_DESCRIPTION OF THE TASK_
Which lines in the data below contain the word "differ"? Return each of them.

_MATERIAL TO PROCESS_
◇ ◇ ◇ ◇
(* Fix $\alpha\in(0,1)$, integers $d\ge1$, $b\ge2$, $0\le t\le m$, $n=b^m$, and a parameter set $\Theta\subset\mathbb{R}$ with measurable functions $g_\theta:(0,1)^d\to\mathbb{R}$, $\theta\in\Theta$. Assume that for every $\theta\in\Theta$, $g_\theta(\boldsymbol u)$ is a continuous random variable whenever $d-1$ components of $\boldsymbol u$ are fixed and the remaining component is uniformly distributed over an open interval in $(0,1)$. Fix $\theta\in\Theta$, let $v_\alpha=\inf\{y:\mathbb{P}(g_\theta(\boldsymbol u)\le y)\ge\alpha\}$ for $\boldsymbol u\sim\mathrm{Unif}((0,1)^d)$, let $\boldsymbol u_1,\dots,\boldsymbol u_n$ be a scrambled $(t,m,d)$-net in base $b$, $L_i=g_\theta(\boldsymbol u_i)$, $\hat F_n(y)=\frac1n\sum_{i=1}^n\mathbf 1\{L_i\le y\}$ and $\hat v_{\alpha,n}=\inf\{y:\hat F_n(y)\ge\alpha\}$. Then with probability one, $$\big|\hat F_n(\hat v_{\alpha,n})-\hat F_n(v_\alpha)\big|\le\frac{b^t}{n}+\big|\hat F_n(v_\alpha)-\alpha\big|.$$
   Context: An elementary interval in base $b$ is a set $\prod_{j=1}^d[t_j b^{-k_j},(t_j+1)b^{-k_j})$ with nonnegative integers $k_j$ and $0\le t_j<b^{k_j}$. A finite sequence $\boldsymbol u_1,\dots,\boldsymbol u_{b^m}\in[0,1)^d$ is a $(t,m,d)$-net in base $b$ if every elementary interval in base $b$ of volume $b^{t-m}$ contains exactly $b^t$ of the points. A scrambled net is obtained from a $(t,m,d)$-net by Owen's nested uniform scrambling: writing each coordinate $u_i^j=\sum_{k\ge1}a_{ijk}b^{-k}$ in base $b$, the scrambled coordinate is $\tilde u_i^j=\sum_{k\ge1}\tilde a_{ijk}b^{-k}$ with $\tilde a_{ijk}=\pi_{j a_{ij1}\cdots a_{ij,k-1}}(a_{ijk})$ (for $k=1$, $\pi_j(a_{ij1})$), where the permutations $\pi_\bullet$ are mutually independent and each uniformly distributed over the permutations of $\{0,\dots,b-1\}$. *)

theory Defs
  imports "HOL-Probability.Probability" "HOL-Combinatorics.Permutations"
begin

definition elem_interval :: "nat \<Rightarrow> ('d::finite \<Rightarrow> nat) \<Rightarrow> ('d \<Rightarrow> nat) \<Rightarrow> (real^'d) set" where
  "elem_interval b k T =
     {x. \<forall>j. real (T j) / real b ^ k j \<le> x $ j \<and> x $ j < (real (T j) + 1) / real b ^ k j}"

definition is_tmd_net :: "nat \<Rightarrow> nat \<Rightarrow> nat \<Rightarrow> (nat \<Rightarrow> real^'d::finite) \<Rightarrow> bool" where
  "is_tmd_net b t m u \<longleftrightarrow>
     (\<forall>i < b ^ m. \<forall>j. 0 \<le> u i $ j \<and> u i $ j < 1) \<and>
     (\<forall>k T. (\<forall>j. T j < b ^ k j) \<and> (\<Sum>j\<in>UNIV. k j) = m - t \<longrightarrow>
        card {i. i < b ^ m \<and> u i \<in> elem_interval b k T} = b ^ t)"

text \<open>k-th base-b digit (k \<ge> 1) of x in [0,1): x = sum_{k\<ge>1} a_k b^{-k}.\<close>
definition digit :: "nat \<Rightarrow> real \<Rightarrow> nat \<Rightarrow> nat" where
  "digit b x k = nat \<lfloor>x * real b ^ k\<rfloor> mod b"

definition digit_prefix :: "nat \<Rightarrow> real \<Rightarrow> nat \<Rightarrow> nat list" where
  "digit_prefix b x k = map (digit b x) [1..<k]"

text \<open>Owen's nested scrambling of one coordinate, given the family of permutations
  p :: nat list \<Rightarrow> nat \<Rightarrow> nat (indexed by the digit prefix) for that coordinate.\<close>
definition scramble_coord :: "nat \<Rightarrow> (nat list \<Rightarrow> nat \<Rightarrow> nat) \<Rightarrow> real \<Rightarrow> real" where
  "scramble_coord b p x =
     (\<Sum>k. real (p (digit_prefix b x (Suc k)) (digit b x (Suc k))) / real b ^ Suc k)"

definition scramble_point :: "nat \<Rightarrow> ('d::finite \<times> nat list \<Rightarrow> nat \<Rightarrow> nat) \<Rightarrow> real^'d \<Rightarrow> real^'d" where
  "scramble_point b \<sigma> x = (\<chi> j. scramble_coord b (\<lambda>ds. \<sigma> (j, ds)) (x $ j))"

definition scramble_space :: "nat \<Rightarrow> ('d::finite \<times> nat list \<Rightarrow> nat \<Rightarrow> nat) measure" where
  "scramble_space b = PiM UNIV (\<lambda>_. measure_pmf (pmf_of_set {p. p permutes {0..<b}}))"

definition emp_cdf :: "nat \<Rightarrow> (nat \<Rightarrow> real) \<Rightarrow> real \<Rightarrow> real" where
  "emp_cdf n L y = real (card {i. i < n \<and> L i \<le> y}) / real n"

end

theory Submission
  imports Defs
begin

text \<open>
  A coordinate of a scrambled point is a digit series whose digits are values of independent
  uniform permutations at distinct nodes of the digit tree, so it is uniformly distributed.
  If two net points differ, their \<open>j\<close>-th coordinates differ within the first \<open>K\<close> digits
  for some \<open>j\<close> and \<open>K\<close>. Conditionally on the permutations outside the subtree below the first
  \<open>K\<close> digits of the first point, its scrambled \<open>j\<close>-th coordinate is uniform on an interval
  while the second scrambled point is fixed, so by the continuity hypothesis the two values of
  \<open>g\<close> differ almost surely. Hence ties among the \<open>L\<^sub>i\<close> come almost surely only from repeated
  net points, and a point is repeated at most \<open>b ^ t\<close> times because all its copies lie in one
  elementary interval of volume \<open>b ^ (t - m)\<close>. So the empirical CDF jumps by at most
  \<open>b ^ t / n\<close>, and at the empirical quantile it exceeds \<open>\<alpha>\<close> by at most that much. The bound
  holds for every \<open>v\<close>, not only for the true quantile.
\<close>

section \<open>Uniform random permutations and digit series\<close>

definition digit_perms :: "nat \<Rightarrow> (nat \<Rightarrow> nat) set" where
  "digit_perms b = {p. p permutes {0..<b}}"

abbreviation uniform_perm :: "nat \<Rightarrow> (nat \<Rightarrow> nat) measure" where
  "uniform_perm b \<equiv> measure_pmf (pmf_of_set (digit_perms b))"

lemma finite_digit_perms: "finite (digit_perms b)"
  unfolding digit_perms_def by (rule finite_permutations) simp

lemma digit_perms_nonempty: "digit_perms b \<noteq> {}"
  unfolding digit_perms_def using permutes_id by blast

lemma digit_perms_less: "p \<in> digit_perms b \<Longrightarrow> e < b \<Longrightarrow> p e < b"
  unfolding digit_perms_def using permutes_in_image by fastforce

lemma transpose_comp_digit_perms:
  "p \<in> digit_perms b \<Longrightarrow> q < b \<Longrightarrow> q' < b \<Longrightarrow> Transposition.transpose q q' \<circ> p \<in> digit_perms b"
  unfolding digit_perms_def mem_Collect_eq
  by (rule permutes_compose, assumption, rule permutes_swap_id, auto)

lemma card_digit_perms_value_eq:
  assumes "q < b" "q' < b"
  shows "card {p \<in> digit_perms b. p e = q} = card {p \<in> digit_perms b. p e = q'}"
proof -
  let ?swap = "\<lambda>p. Transposition.transpose q q' \<circ> p"
  have "bij_betw ?swap {p \<in> digit_perms b. p e = q} {p \<in> digit_perms b. p e = q'}"
    by (rule bij_betw_byWitness[where f' = ?swap])
      (use assms in \<open>auto simp: fun_eq_iff intro!: transpose_comp_digit_perms\<close>)
  then show ?thesis by (rule bij_betw_same_card)
qed
(* Let $k\ge 3$, let $C_{2k}=v_1v_2\cdots v_{2k}v_1$ be a cycle, let $i,j$ be integers with $4<i<j\le 2k$, and let $n_i,n_j\ge 0$ be integers. Let $G$ be the graph on $n=2k+n_i+n_j$ vertices obtained from $C_{2k}$ and two stars $S_{n_i+1}$, $S_{n_j+1}$ by identifying $v_i$ with the center of $S_{n_i+1}$ and $v_j$ with the center of $S_{n_j+1}$ (i.e. attaching $n_i$ pendant vertices at $v_i$ and $n_j$ pendant vertices at $v_j$). Let $G'=G-v_1v_2+v_1v_4$. Then $$\operatorname{per} L(G)>\operatorname{per} L(G').$$
   Context: For a simple graph $G$, $L(G)=D(G)-A(G)$ is its Laplacian matrix, where $D(G)$ is the diagonal matrix of vertex degrees and $A(G)$ the adjacency matrix. The permanent of an $n\times n$ matrix $X=(x_{ij})$ is $\operatorname{per} X=\sum_{\sigma\in S_n}\prod_{t=1}^n x_{t\sigma(t)}$. $S_m$ denotes the star on $m$ vertices (so $S_1$ is a single vertex). $G-e$ / $G+e$ denote deletion / addition of an edge $e$. *)

theory Defs
  imports "HOL-Combinatorics.Permutations"
begin

text \<open>Simple graphs are given by a vertex set V (a finite set of naturals) and an
edge set E of two-element subsets of V.\<close>

definition laplacian :: "nat set set \<Rightarrow> nat \<Rightarrow> nat \<Rightarrow> int" where
  "laplacian E a b =
     (if a = b then int (card {e \<in> E. a \<in> e})
      else if {a, b} \<in> E then -1 else 0)"

definition per :: "nat set \<Rightarrow> (nat \<Rightarrow> nat \<Rightarrow> int) \<Rightarrow> int" where
  "per V X = (\<Sum>\<sigma> | \<sigma> permutes V. \<Prod>t\<in>V. X t (\<sigma> t))"

text \<open>The cycle C_{2k} = v_1 v_2 ... v_{2k} v_1 with v_a represented by the natural a.\<close>
definition cycle_edges :: "nat \<Rightarrow> nat set set" where
  "cycle_edges k = {{a, a + 1} | a. 1 \<le> a \<and> a < 2 * k} \<union> {{2 * k, 1}}"

text \<open>n_i pendant vertices 2k+1..2k+n_i at v_i, and n_j pendant vertices
2k+n_i+1..2k+n_i+n_j at v_j.\<close>
definition G_edges :: "nat \<Rightarrow> nat \<Rightarrow> nat \<Rightarrow> nat \<Rightarrow> nat \<Rightarrow> nat set set" where
  "G_edges k i j ni nj = cycle_edges k
     \<union> {{i, 2 * k + t} | t. 1 \<le> t \<and> t \<le> ni}
     \<union> {{j, 2 * k + ni + t} | t. 1 \<le> t \<and> t \<le> nj}"

definition G_vertices :: "nat \<Rightarrow> nat \<Rightarrow> nat \<Rightarrow> nat set" where
  "G_vertices k ni nj = {1 .. 2 * k + ni + nj}"

end

theory Submission
  imports Defs "HOL-Combinatorics.Cycles"
begin

text \<open>
  Let \<open>W\<close> be the vertex set without \<open>v\<^sub>2, v\<^sub>3\<close> and \<open>p(U)\<close> the permanent of the principal
  submatrix of \<open>L(G)\<close> on \<open>U\<close>. In \<open>G'\<close> the vertex \<open>v\<^sub>2\<close> is a leaf at \<open>v\<^sub>3\<close>, and once it is removed
  \<open>v\<^sub>3\<close> is a leaf at \<open>v\<^sub>4\<close>. Expanding at these leaves, and observing that on \<open>W\<close> the Laplacian of
  \<open>G'\<close> arises from that of \<open>G\<close> by inserting the edge \<open>v\<^sub>1v\<^sub>4\<close>, gives the exact value
  \<open>per L(G') = 3 p(W) + 4 p(W - v\<^sub>4) + 3 p(W - {v\<^sub>1, v\<^sub>4}) + 6\<close>, where the constant comes from the
  two orientations of the only cycle through the new edge, \<open>v\<^sub>1v\<^sub>4v\<^sub>5\<dots>v\<^sub>2\<^sub>k\<close>.
  Since \<open>G\<close> is bipartite, every term of \<open>per L(G)\<close> is nonnegative, so keeping only the permutations
  that fix or swap vertices around \<open>v\<^sub>2, v\<^sub>3\<close> bounds it from below by
  \<open>5 p(W) + 2 p(W - v\<^sub>4) + 2 p(W - v\<^sub>1) + p(W - {v\<^sub>1, v\<^sub>4})\<close>. One more such expansion at \<open>v\<^sub>4\<close>,
  together with \<open>p(U) \<ge> 1\<close> (the diagonal term alone), shows that this exceeds \<open>per L(G')\<close>.
\<close>

section \<open>Permanents as sums over classes of permutations\<close>

definition perms_extending :: "'a set \<Rightarrow> 'a set \<Rightarrow> ('a \<Rightarrow> 'a) \<Rightarrow> ('a \<Rightarrow> 'a) set" where
  "perms_extending S C \<rho> = {\<sigma>. \<sigma> permutes S \<and> (\<forall>c\<in>C. \<sigma> c = \<rho> c)}"

lemma perms_extending_subset: "perms_extending S C \<rho> \<subseteq> {\<sigma>. \<sigma> permutes S}"
  by (auto simp: perms_extending_def)

lemma finite_perms_extending: "finite S \<Longrightarrow> finite (perms_extending S C \<rho>)"
  using finite_subset[OF perms_extending_subset finite_permutations] by blast

lemma sum_perms_extending:
  fixes X :: "nat \<Rightarrow> nat \<Rightarrow> int"
  assumes "finite S" and "C \<subseteq> S" and \<rho>: "\<rho> permutes C"
  shows "(\<Sum>\<sigma>\<in>perms_extending S C \<rho>. \<Prod>t\<in>S. X t (\<sigma> t))
       = (\<Prod>c\<in>C. X c (\<rho> c)) * per (S - C) X"
proof -
  have \<rho>S: "\<rho> permutes S" using permutes_subset[OF \<rho> \<open>C \<subseteq> S\<close>] .
  have "(\<Sum>\<sigma>\<in>perms_extending S C \<rho>. \<Prod>t\<in>S. X t (\<sigma> t))
      = (\<Sum>\<tau> | \<tau> permutes (S - C). \<Prod>t\<in>S. X t (\<tau> (\<rho> t)))"
  proof (rule sum.reindex_bij_witness[where i = "\<lambda>\<tau>. \<tau> \<circ> \<rho>" and j = "\<lambda>\<sigma>. \<sigma> \<circ> inv \<rho>"])
    fix \<sigma> assume "\<sigma> \<in> perms_extending S C \<rho>"
    then have \<sigma>: "\<sigma> permutes S" "\<And>c. c \<in> C \<Longrightarrow> \<sigma> c = \<rho> c"
      by (auto simp: perms_extending_def)
    show "\<sigma> \<circ> inv \<rho> \<circ> \<rho> = \<sigma>"
      by (simp add: comp_assoc permutes_inv_o(2)[OF \<rho>])
    have "\<sigma> (inv \<rho> x) = x" if "x \<in> C" for x
      using \<sigma>(2)[of "inv \<rho> x"] permutes_in_image[OF permutes_inv[OF \<rho>]] that
        permutes_inverses(1)[OF \<rho>] by simp
    then have "\<sigma> \<circ> inv \<rho> permutes (S - C)"
      using permutes_compose[OF permutes_inv[OF \<rho>S] \<sigma>(1)] by (auto intro: permutes_superset)
    then show "\<sigma> \<circ> inv \<rho> \<in> {\<tau>. \<tau> permutes (S - C)}" by simp
  next
    fix \<tau> assume "\<tau> \<in> {\<tau>. \<tau> permutes (S - C)}"
    then have \<tau>: "\<tau> permutes (S - C)" by simp
    show "\<tau> \<circ> \<rho> \<circ> inv \<rho> = \<tau>"
      by (simp add: comp_assoc permutes_inv_o(1)[OF \<rho>])
    have "\<tau> (\<rho> c) = \<rho> c" if "c \<in> C" for c
      using permutes_not_in[OF \<tau>] permutes_in_image[OF \<rho>] that by simp
    moreover have "\<tau> \<circ> \<rho> permutes S"
      using permutes_compose[OF \<rho>S permutes_subset[OF \<tau>]] by blast
    ultimately show "\<tau> \<circ> \<rho> \<in> perms_extending S C \<rho>"
      by (simp add: perms_extending_def)
  qed (simp add: permutes_inverses(2)[OF \<rho>])
  also have "\<dots> = (\<Sum>\<tau> | \<tau> permutes (S - C). (\<Prod>c\<in>C. X c (\<rho> c)) * (\<Prod>t\<in>S - C. X t (\<tau> t)))"
  proof (rule sum.cong[OF refl])
    fix \<tau> assume "\<tau> \<in> {\<tau>. \<tau> permutes (S - C)}"
    then have \<tau>: "\<tau> permutes (S - C)" by simp
    have "(\<Prod>t\<in>S. X t (\<tau> (\<rho> t))) = (\<Prod>t\<in>S - C. X t (\<tau> (\<rho> t))) * (\<Prod>t\<in>C. X t (\<tau> (\<rho> t)))"
      using prod.subset_diff[OF \<open>C \<subseteq> S\<close> \<open>finite S\<close>] by simp
    also have "\<dots> = (\<Prod>t\<in>S - C. X t (\<tau> t)) * (\<Prod>c\<in>C. X c (\<rho> c))"
      using permutes_not_in[OF \<rho>] permutes_not_in[OF \<tau>] permutes_in_image[OF \<rho>]
      by (intro arg_cong2[where f = "(*)"] prod.cong) auto
    finally show "(\<Prod>t\<in>S. X t (\<tau> (\<rho> t))) = (\<Prod>c\<in>C. X c (\<rho> c)) * (\<Prod>t\<in>S - C. X t (\<tau> t))"
      by simp
  qed
  also have "\<dots> = (\<Prod>c\<in>C. X c (\<rho> c)) * per (S - C) X"
    by (simp add: per_def sum_distrib_left)
  finally show ?thesis .
qed

lemma per_cong:
  assumes "\<And>a b. a \<in> S \<Longrightarrow> b \<in> S \<Longrightarrow> X a b = Y a b"
  shows "per S X = per S Y"
  unfolding per_def
  by (intro sum.cong refl prod.cong) (auto simp: assms permutes_in_image)

lemma per_subset_sum_le:
  fixes X :: "nat \<Rightarrow> nat \<Rightarrow> int"
  assumes "finite S" and "\<And>\<sigma>. \<sigma> permutes S \<Longrightarrow> 0 \<le> (\<Prod>t\<in>S. X t (\<sigma> t))"
    and "P \<subseteq> {\<sigma>. \<sigma> permutes S}"
  shows "(\<Sum>\<sigma>\<in>P. \<Prod>t\<in>S. X t (\<sigma> t)) \<le> per S X"
  unfolding per_def
  by (rule sum_mono2[OF finite_permutations[OF \<open>finite S\<close>] assms(3)]) (use assms(2) in auto)

lemma prod_diag_le_per:
  fixes X :: "nat \<Rightarrow> nat \<Rightarrow> int"
  assumes "finite S" and "\<And>\<sigma>. \<sigma> permutes S \<Longrightarrow> 0 \<le> (\<Prod>t\<in>S. X t (\<sigma> t))"
  shows "(\<Prod>t\<in>S. X t t) \<le> per S X"
  using per_subset_sum_le[OF assms, where P = "{id}"] by simp

lemma per_diagonal:
  fixes X :: "nat \<Rightarrow> nat \<Rightarrow> int"
  assumes "finite S" and "\<And>a b. a \<in> S \<Longrightarrow> b \<in> S \<Longrightarrow> a \<noteq> b \<Longrightarrow> X a b = 0"
  shows "per S X = (\<Prod>t\<in>S. X t t)"
proof -
  have "(\<Prod>t\<in>S. X t (\<sigma> t)) = 0" if "\<sigma> permutes S" "\<sigma> \<noteq> id" for \<sigma>
  proof -
    obtain t where "\<sigma> t \<noteq> t" using \<open>\<sigma> \<noteq> id\<close> by (auto simp: fun_eq_iff)
    moreover have "t \<in> S" "\<sigma> t \<in> S"
      using calculation permutes_not_in[OF that(1)] permutes_in_image[OF that(1)] by blast+
    ultimately show ?thesis using assms by (metis prod_zero_iff)
  qed
  then have "per S X = (\<Sum>\<sigma>\<in>{id}. \<Prod>t\<in>S. X t (\<sigma> t))"
    unfolding per_def
    by (intro sum.mono_neutral_right finite_permutations assms(1)) auto
  then show ?thesis by simp
qed

lemma prod_perm_nonneg_if_bipartite:
  fixes X :: "nat \<Rightarrow> nat \<Rightarrow> int" and colour :: "nat \<Rightarrow> bool"
  assumes "finite S" and \<sigma>: "\<sigma> permutes S"
    and diag: "\<And>a. 0 \<le> X a a"
    and off_diag: "\<And>a b. a \<noteq> b \<Longrightarrow> X a b \<le> 0"
    and bipartite: "\<And>a b. a \<noteq> b \<Longrightarrow> X a b \<noteq> 0 \<Longrightarrow> colour a \<noteq> colour b"
  shows "0 \<le> (\<Prod>t\<in>S. X t (\<sigma> t))"
proof (cases "\<exists>t\<in>S. X t (\<sigma> t) = 0")
  case True
  then show ?thesis using \<open>finite S\<close> by (metis prod_zero_iff order_refl)
next
  case False
  define N0 where "N0 = {t\<in>S. \<sigma> t \<noteq> t \<and> colour t}"
  define N1 where "N1 = {t\<in>S. \<sigma> t \<noteq> t \<and> \<not> colour t}"
  have inj: "inj \<sigma>" using permutes_inj[OF \<sigma>] .
  have moved: "\<sigma> t \<in> S \<and> \<sigma> (\<sigma> t) \<noteq> \<sigma> t \<and> colour (\<sigma> t) \<noteq> colour t"
    if "t \<in> S" "\<sigma> t \<noteq> t" for t
    using that False bipartite[of t "\<sigma> t"] permutes_in_image[OF \<sigma>] inj_eq[OF inj] by auto
  have "\<sigma> ` N0 \<subseteq> N1" "\<sigma> ` N1 \<subseteq> N0"
    using moved by (auto simp: N0_def N1_def)
  moreover have "finite N0" "finite N1" using \<open>finite S\<close> by (auto simp: N0_def N1_def)
  ultimately have "\<sigma> ` N0 = N1"
    using card_image[OF inj_on_subset[OF inj]] card_mono
    by (metis card_seteq subset_UNIV)
  then have bij: "bij_betw \<sigma> N0 N1" using inj_on_subset[OF inj] by (auto simp: bij_betw_def)
  \<comment> \<open>the moved points pair up as \<open>t, \<sigma> t\<close>, each pair contributing a product of two
     nonpositive entries\<close>
  define F where "F = {t\<in>S. \<sigma> t = t}"
  have fin: "finite F" "finite N0" "finite N1" using \<open>finite S\<close> by (auto simp: F_def N0_def N1_def)
  have S: "S = F \<union> (N0 \<union> N1)" and "F \<inter> (N0 \<union> N1) = {}" "N0 \<inter> N1 = {}"
    by (auto simp: F_def N0_def N1_def)
  then have "(\<Prod>t\<in>S. X t (\<sigma> t))
      = (\<Prod>t\<in>F. X t (\<sigma> t)) * ((\<Prod>t\<in>N0. X t (\<sigma> t)) * (\<Prod>t\<in>N1. X t (\<sigma> t)))"
    using fin unfolding S by (simp add: prod.union_disjoint)
  also have "(\<Prod>t\<in>N1. X t (\<sigma> t)) = (\<Prod>t\<in>N0. X (\<sigma> t) (\<sigma> (\<sigma> t)))"
    using prod.reindex_bij_betw[OF bij, of "\<lambda>t. X t (\<sigma> t)"] by simp
  finally have eq: "(\<Prod>t\<in>S. X t (\<sigma> t))
      = (\<Prod>t\<in>F. X t (\<sigma> t)) * (\<Prod>t\<in>N0. X t (\<sigma> t) * X (\<sigma> t) (\<sigma> (\<sigma> t)))"
    by (simp add: prod.distrib)
  have "0 \<le> X t (\<sigma> t) * X (\<sigma> t) (\<sigma> (\<sigma> t))" if "t \<in> N0" for t
    using that moved[of t] off_diag[of t "\<sigma> t"] off_diag[of "\<sigma> t" "\<sigma> (\<sigma> t)"]
    by (auto simp: N0_def intro: mult_nonpos_nonpos)
  then show ?thesis unfolding eq by (simp add: F_def diag prod_nonneg)
qed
◇ ◇ ◇ ◇
_ANSWER SECTION_
  If two net points differ, their \<open>j\<close>-th coordinates differ within the first \<open>K\<close> digits
  \<open>g\<close> differ almost surely. Hence ties among the \<open>L\<^sub>i\<close> come almost surely only from repeated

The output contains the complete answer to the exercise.